**** Information

lemma reaches_within_Suc:
  "reaches_within prog T B (Suc X) c Q \<longleftrightarrow>
     regs_le B (fst (snd c)) \<and> (Q c \<or> reaches_within prog T B X (step prog T c) Q)"
proof -
  have all_le_Suc: "(\<forall>u\<le>Suc t. P u) \<longleftrightarrow> P 0 \<and> (\<forall>u\<le>t. P (Suc u))" for P :: "nat \<Rightarrow> bool" and t
    by (metis Suc_le_mono le0 not0_implies_Suc)
  have ex_le_Suc: "(\<exists>t\<le>Suc X. P t) \<longleftrightarrow> P 0 \<or> (\<exists>t\<le>X. P (Suc t))" for P :: "nat \<Rightarrow> bool"
    by (metis Suc_le_mono le0 not0_implies_Suc)
  show ?thesis
    unfolding reaches_within_def ex_le_Suc all_le_Suc exec_Suc
    by (auto simp: exec_def)
qed

lemma reaches_within_numeral:
  "reaches_within prog T B (numeral n) c Q \<longleftrightarrow>
     regs_le B (fst (snd c)) \<and> (Q c \<or> reaches_within prog T B (pred_numeral n) (step prog T c) Q)"
  by (subst numeral_eq_Suc) (rule reaches_within_Suc)

lemma reaches_within_mono:
  assumes "reaches_within prog T B X c Q" and "X \<le> Y" and "\<And>c. Q c \<Longrightarrow> R c"
  shows "reaches_within prog T B Y c R"
  using assms unfolding reaches_within_def by (meson order.trans)

lemma reaches_within_trans:
  assumes first: "reaches_within prog T B X c Q"
    and "\<And>pc r s. Q (pc, r, s) \<Longrightarrow> regs_le B r \<Longrightarrow> reaches_within prog T B Y (pc, r, s) R"
  shows "reaches_within prog T B (X + Y) c R"
proof -
  let ?regs = "\<lambda>c t. fst (snd (exec prog T c t))"
  obtain t where t: "t \<le> X" "Q (exec prog T c t)" and bounded: "\<forall>u\<le>t. regs_le B (?regs c u)"
    using first unfolding reaches_within_def by blast
  then have "reaches_within prog T B Y (exec prog T c t) R"
    using assms(2) by (metis order.refl prod.collapse)
  then obtain t' where t': "t' \<le> Y" "R (exec prog T (exec prog T c t) t')"
    and bounded': "\<forall>u\<le>t'. regs_le B (?regs (exec prog T c t) u)"
    unfolding reaches_within_def by blast
  have "regs_le B (?regs c u)" if "u \<le> t + t'" for u
  proof (cases "u \<le> t")
    case False
    then obtain v where "u = t + v"
      using nat_le_iff_add nat_le_linear by blast
    then show ?thesis using bounded' that by (simp add: exec_add)
  qed (use bounded in simp)
  then show ?thesis
    unfolding reaches_within_def using t t' exec_add by (intro exI[of _ "t + t'"]) auto
qed

definition at_pc :: "nat \<Rightarrow> nat list \<Rightarrow> ((nat \<Rightarrow> nat) \<Rightarrow> bool) \<Rightarrow> conf \<Rightarrow> bool" where
  "at_pc pc s P = (\<lambda>(pc', r, s'). pc' = pc \<and> s' = s \<and> P r)"

lemma at_pc_conv [simp]: "at_pc pc s P (pc', r, s') \<longleftrightarrow> pc' = pc \<and> s' = s \<and> P r"
  by (simp add: at_pc_def)

lemma reaches_within_seq:
  assumes "reaches_within prog T B X c (at_pc pc s P)"
    and "\<And>r. P r \<Longrightarrow> regs_le B r \<Longrightarrow> reaches_within prog T B Y (pc, r, s) R"
  shows "reaches_within prog T B (X + Y) c R"
  using assms(1) by (rule reaches_within_trans) (use assms(2) in auto)

lemma prefix_iff_take: "prefix xs ys \<longleftrightarrow> take (length xs) ys = xs"
  unfolding prefix_def by (metis append_eq_conv_conj)

lemma prefix_drop_iff_nth:
  "prefix xs (drop j ys) \<longleftrightarrow> length xs \<le> length ys - j \<and> (\<forall>q<length xs. xs ! q = ys ! (j + q))"
proof -
  have "prefix xs (drop j ys) \<longleftrightarrow> take (length xs) (drop j ys) = xs"
    by (rule prefix_iff_take)
  also have "\<dots> \<longleftrightarrow> length xs \<le> length ys - j \<and> (\<forall>q<length xs. xs ! q = ys ! (j + q))"
    by (auto simp: list_eq_iff_nth_eq)
  finally show ?thesis .
qed

lemma prefix_window_snoc_iff:
  assumes "i + k \<le> length ys"
  shows "prefix (take k (drop i ys) @ [c]) (drop j ys) \<longleftrightarrow>
           j + k < length ys \<and> ys ! (j + k) = c \<and> (\<forall>q<k. ys ! (i + q) = ys ! (j + q))"
  using assms by (auto simp: prefix_drop_iff_nth nth_append less_Suc_eq)

lemma sublist_iff_prefix_drop: "sublist xs ys \<longleftrightarrow> (\<exists>j. prefix xs (drop j ys))"
proof
  assume "sublist xs ys"
  then obtain ps ss where "ys = ps @ xs @ ss" by (auto simp: sublist_def)
  then show "\<exists>j. prefix xs (drop j ys)" by (intro exI[of _ "length ps"]) simp
next
  assume "\<exists>j. prefix xs (drop j ys)"
  then obtain j where "prefix xs (drop j ys)" ..
  then show "sublist xs ys"
    by (rule sublist_order.order.trans[OF prefix_imp_sublist sublist_drop])
qed

lemma leftmost_extensionE:
  fixes ys :: "'a list" and i k :: nat
  defines "w \<equiv> take k (drop i ys)"
  assumes "i + k \<le> length ys" and "\<forall>j<i. \<not> prefix w (drop j ys)"
    and "\<exists>L\<ge>i. prefix (w @ [x]) (drop L ys)"
  obtains L where "i \<le> L" "prefix (w @ [x]) (drop L ys)"
    "\<forall>j\<in>{i..<L}. \<not> prefix (w @ [x]) (drop j ys)"
    "take (Suc k) (drop L ys) = w @ [x]"
    "\<forall>j<L. \<not> prefix (take (Suc k) (drop L ys)) (drop j ys)"
proof -
  obtain L where L: "i \<le> L" "prefix (w @ [x]) (drop L ys)"
    and before: "\<forall>j<L. \<not> (i \<le> j \<and> prefix (w @ [x]) (drop j ys))"
    using assms(4) exists_least_iff[of "\<lambda>L. i \<le> L \<and> prefix (w @ [x]) (drop L ys)"] by blast
  have window: "take (Suc k) (drop L ys) = w @ [x]"
    using L(2) assms(2) prefix_iff_take[of "w @ [x]"] unfolding w_def by simp
  have "\<forall>j<L. \<not> prefix (w @ [x]) (drop j ys)"
    using assms(3) before append_prefixD not_le by metis
  with L before window show thesis
    using that by auto
qed

lemma not_sublist_if_no_snoc_occurrence:
  assumes "\<forall>j<i. \<not> prefix w (drop j ys)" and "\<forall>j\<ge>i. \<not> prefix (w @ [x]) (drop j ys)"
  shows "\<not> sublist (w @ x # zs) ys"
proof
  assume "sublist (w @ x # zs) ys"
  then obtain j where "prefix ((w @ [x]) @ zs) (drop j ys)"
    unfolding sublist_iff_prefix_drop by auto
  then have "prefix (w @ [x]) (drop j ys)" by (rule append_prefixD)
  then show False
    using assms append_prefixD not_le by metis
qed

lemma phase_cost_le:
  fixes n :: nat
  assumes "i \<le> L" "L + k < n" "k < a"
  shows "13 * (k + 1) * (L - i + 1) + 7 + 20 * a * (2 * n - 2 * L - Suc k + 2)
           \<le> 20 * a * (2 * n - 2 * i - k + 2)"
proof -
  obtain D where L: "L = i + D"
    using assms(1) le_Suc_ex by blast
  obtain e where n: "n = L + k + 1 + e"
    using assms(2) less_iff_Suc_add by auto
  have "(k + 1) * (D + 1) \<le> a * (2 * D + 1)"
    using assms(3) by (intro mult_mono) auto
  moreover have "1 \<le> a * (2 * D + 1)"
    using assms(3) by simp
  ultimately have "13 * (k + 1) * (D + 1) + 7 \<le> 20 * a * (2 * D + 1)"
    by linarith
  then show ?thesis
    unfolding n L by (simp add: algebra_simps)
qed

lemma reject_cost_le:
  fixes n :: nat
  assumes "i + k \<le> n" "k < a"
  shows "13 * (k + 1) * (n - (i + k)) + 7 \<le> 20 * a * (2 * n - 2 * i - k + 2)"
proof -
  obtain e where n: "n = i + k + e"
    using assms(1) le_Suc_ex by blast
  have "(k + 1) * e \<le> a * e"
    using assms(2) by (intro mult_right_mono) auto
  moreover have "1 \<le> a"
    using assms(2) by simp
  ultimately have "13 * (k + 1) * e + 7 \<le> 20 * a * (2 * e + k + 2)"
    by (simp add: algebra_simps)
  then show ?thesis
    unfolding n by (simp add: algebra_simps)
qed

(* Registers: 0 holds n, 1 holds i, 2 holds k, 3 the current character c, 4 the candidate j,
   5 the comparison offset p, 6 the constant 1; 7 to 11 are scratch. Blocks start at pc 1 (read c,
   j := i), 5 (stop with False if j + k = n, else test T[j+k] = c), 13 (j := j + 1),
   15 (p := 0), 16 (compare T[i+p] with T[j+p] while p < k, back to 13 on a mismatch),
   29 (i := j, k := k + 1) and 32/33 (halt).
   Equality x = y is tested as (x - y) + (y - x) = 0. *)
definition match_prog :: "instr list" where
  "match_prog =
    [Const 6 1,
     Read 3, Jz 3 32, Sub 3 3 6, Mul 4 1 6,
     Add 7 4 2, Sub 8 0 7, Jz 8 33, Query 8 7, Sub 9 8 3, Sub 10 3 8, Add 9 9 10, Jz 9 15,
     Add 4 4 6, Jmp 5,
     Const 5 0,
     Sub 8 2 5, Jz 8 29, Add 7 1 5, Query 8 7, Add 7 4 5, Query 9 7,
       Sub 10 8 9, Sub 11 9 8, Add 10 10 11, Jz 10 27, Jmp 13,
     Add 5 5 6, Jmp 16,
     Mul 1 4 6, Add 2 2 6, Jmp 1,
     Halt True, Halt False]"

definition outer_regs :: "nat list \<Rightarrow> (nat \<Rightarrow> nat) \<Rightarrow> nat \<Rightarrow> nat \<Rightarrow> bool" where
  "outer_regs T r i k \<longleftrightarrow> r 0 = length T \<and> r 1 = i \<and> r 2 = k \<and> r 6 = 1"

definition scan_regs ::
    "nat list \<Rightarrow> (nat \<Rightarrow> nat) \<Rightarrow> nat \<Rightarrow> nat \<Rightarrow> nat \<Rightarrow> nat \<Rightarrow> bool" where
  "scan_regs T r i k c j \<longleftrightarrow> outer_regs T r i k \<and> r 3 = c \<and> r 4 = j"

********

**What to do**
Give back the opening line of the records above and every line after it, up to and including the one with "P u) \<longleftrightarrow>", unchanged.

**Your solution**
lemma reaches_within_Suc:
  "reaches_within prog T B (Suc X) c Q \<longleftrightarrow>
     regs_le B (fst (snd c)) \<and> (Q c \<or> reaches_within prog T B X (step prog T c) Q)"
proof -
  have all_le_Suc: "(\<forall>u\<le>Suc t. P u) \<longleftrightarrow> P 0 \<and> (\<forall>u\<le>t. P (Suc u))" for P :: "nat \<Rightarrow> bool" and t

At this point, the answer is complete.